The results presented by Rüsenberg et al. (2014) was used as the reference. Although placement and orientation of specimens were chosen to be different, the authors assumed that build layout should be designed similarly to real manufacturing conditions. Based on this assumption, the maximum number of parts is chosen to be the main criterion for design of the build layout. It means that the parts are placed as close to each other as possible, and the minimum distance between the specimens is set to 5 mm based on the recommendations from Magics 20.0 software. Additional attention was paid to the specimens placed in the same orientation for verification and validation of the results. In other words, more than five specimens in the same orientation were placed as close to each other as possible for better control of potential coordinate variations.

In total, 358 specimens were produced in one run (or 716 specimens for the two runs combined). However, in this paper, data were analyzed from 217 (or 434 in total) specimens of type ISO 527-2 1BA for mechanical testing. Since the first attempt to predict dimensional features with the help of statistical methods were performed based on the data from Baturynska (2018), the same data is used in this work in order to be able to compare the results of linear regression modeling with the machine learning techniques.

The schematic represenation of software and hardware components is depicted in Fig. 2. This representation shows the main steps and attributes the authors performed for development of the predictive models.
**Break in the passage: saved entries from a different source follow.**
lemma (in prob_space) nat_rv_expectation:
  fixes X :: "'a \<Rightarrow> nat" and g :: "nat \<Rightarrow> real"
  assumes X: "X \<in> measurable M (count_space UNIV)"
    and p: "\<And>k. prob {\<omega> \<in> space M. X \<omega> = k} = p k"
    and g: "summable (\<lambda>k. \<bar>g k\<bar> * p k)"
  shows "integrable M (\<lambda>\<omega>. g (X \<omega>))" and "expectation (\<lambda>\<omega>. g (X \<omega>)) = (\<Sum>k. g k * p k)"
proof -
  have p_nonneg: "0 \<le> p k" for k unfolding p[symmetric] by (rule measure_nonneg)
  have distr: "distr M (count_space UNIV) X = density (count_space UNIV) (\<lambda>k. ennreal (p k))"
  proof (rule measure_eqI_countable)
    fix k :: nat
    have "X -` {k} \<inter> space M = {\<omega> \<in> space M. X \<omega> = k}" by auto
    then show "emeasure (distr M (count_space UNIV) X) {k}
        = emeasure (density (count_space UNIV) (\<lambda>k. ennreal (p k))) {k}"
      using X by (simp add: emeasure_distr emeasure_density emeasure_eq_measure p)
  qed auto
  have "integrable (count_space UNIV) (\<lambda>k. p k * g k)"
    using g by (simp add: integrable_count_space_nat_iff abs_mult p_nonneg mult.commute)
  then show "integrable M (\<lambda>\<omega>. g (X \<omega>))"
    using X by (simp add: integrable_distr_eq[symmetric] distr integrable_real_density p_nonneg)
  then show "expectation (\<lambda>\<omega>. g (X \<omega>)) = (\<Sum>k. g k * p k)"
    using X \<open>integrable (count_space UNIV) _\<close>
    by (simp add: integral_distr[symmetric] distr integral_real_density p_nonneg
        integral_count_space_nat mult.commute)
qed

lemma (in prob_space) expectation_product_indep:
  fixes Y :: "'i \<Rightarrow> 'a \<Rightarrow> real"
  assumes indep: "indep_vars (\<lambda>_. borel) Y I" and "i \<in> I" "j \<in> I"
    and sq: "\<And>i. i \<in> I \<Longrightarrow> integrable M (\<lambda>\<omega>. Y i \<omega> ^ 2)"
    and centered: "\<And>i. i \<in> I \<Longrightarrow> expectation (Y i) = 0"
  shows "integrable M (\<lambda>\<omega>. Y i \<omega> * Y j \<omega>)"
    and "expectation (\<lambda>\<omega>. Y i \<omega> * Y j \<omega>) = (if i = j then expectation (\<lambda>\<omega>. Y i \<omega> ^ 2) else 0)"
proof -
  have int: "integrable M (Y k)" if "k \<in> I" for k
  proof (rule square_integrable_imp_integrable[OF _ sq[OF that]])
    show "Y k \<in> borel_measurable M" using indep that unfolding indep_vars_def2 by simp
  qed
  have "integrable M (\<lambda>\<omega>. Y i \<omega> * Y j \<omega>) \<and>
      expectation (\<lambda>\<omega>. Y i \<omega> * Y j \<omega>) = (if i = j then expectation (\<lambda>\<omega>. Y i \<omega> ^ 2) else 0)"
  proof (cases "i = j")
    case True
    then show ?thesis using sq[OF \<open>i \<in> I\<close>] by (simp add: power2_eq_square)
  next
    case False
    have indep2: "indep_vars (\<lambda>_. borel) Y {i, j}"
      by (rule indep_vars_subset[OF indep]) (use assms(2,3) in auto)
    have int2: "\<And>k. k \<in> {i, j} \<Longrightarrow> integrable M (Y k)" using int assms(2,3) by blast
    have "integrable M (\<lambda>\<omega>. \<Prod>k\<in>{i, j}. Y k \<omega>)"
      by (rule indep_vars_integrable[OF _ indep2 int2]) simp
    moreover have "expectation (\<lambda>\<omega>. \<Prod>k\<in>{i, j}. Y k \<omega>) = (\<Prod>k\<in>{i, j}. expectation (Y k))"
      by (rule indep_vars_lebesgue_integral[OF _ indep2 int2]) simp
    ultimately show ?thesis using False centered[OF \<open>i \<in> I\<close>] by simp
  qed
  then show "integrable M (\<lambda>\<omega>. Y i \<omega> * Y j \<omega>)"
    and "expectation (\<lambda>\<omega>. Y i \<omega> * Y j \<omega>) = (if i = j then expectation (\<lambda>\<omega>. Y i \<omega> ^ 2) else 0)"
    by simp_all
qed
Description of specimens’ orientation

All investigated parts were placed in four different orientations (see Fig. 3), and the names of the orientations were defined according to the ISO/ASTM 52921:2013(E) (2013) standard:

Group 1 XYZ (XY on Fig. 3 )-oriented parts
Group 2 XZY (XZ on Fig. 3)-oriented parts
Group 3 ZYX (Z on Fig. 3)-oriented parts
Group 4 Angle-oriented parts

By the Angle-oriented parts, the authors mean parts oriented at $45^{\circ }$ between X and Z axes.

Since the design of the experiment defined the requirement to fit as many specimens as possible, the number of specimens in each orientation differ. Thus, 65 parts (the word “parts” is used as a synonym) are placed in XY orientation, 24 parts in XZ orientation, 84 parts in Z orientation, and 44 in Angle orientation.

To identify parts and be able to connect the results of testing and measurements by part placement, every part has its label, which is placed on two sides of the part. This led to variations in the number of mesh triangles, surface and volume values for each part within the build layout (see Table 2). Therefore, it is critical to evaluate whether these variations can influence the quality of the parts with more advanced methods. In addition, it is important to mention that there is no variation in STL model properties between Run 1 and Run 2 due to the usage of the same build layout.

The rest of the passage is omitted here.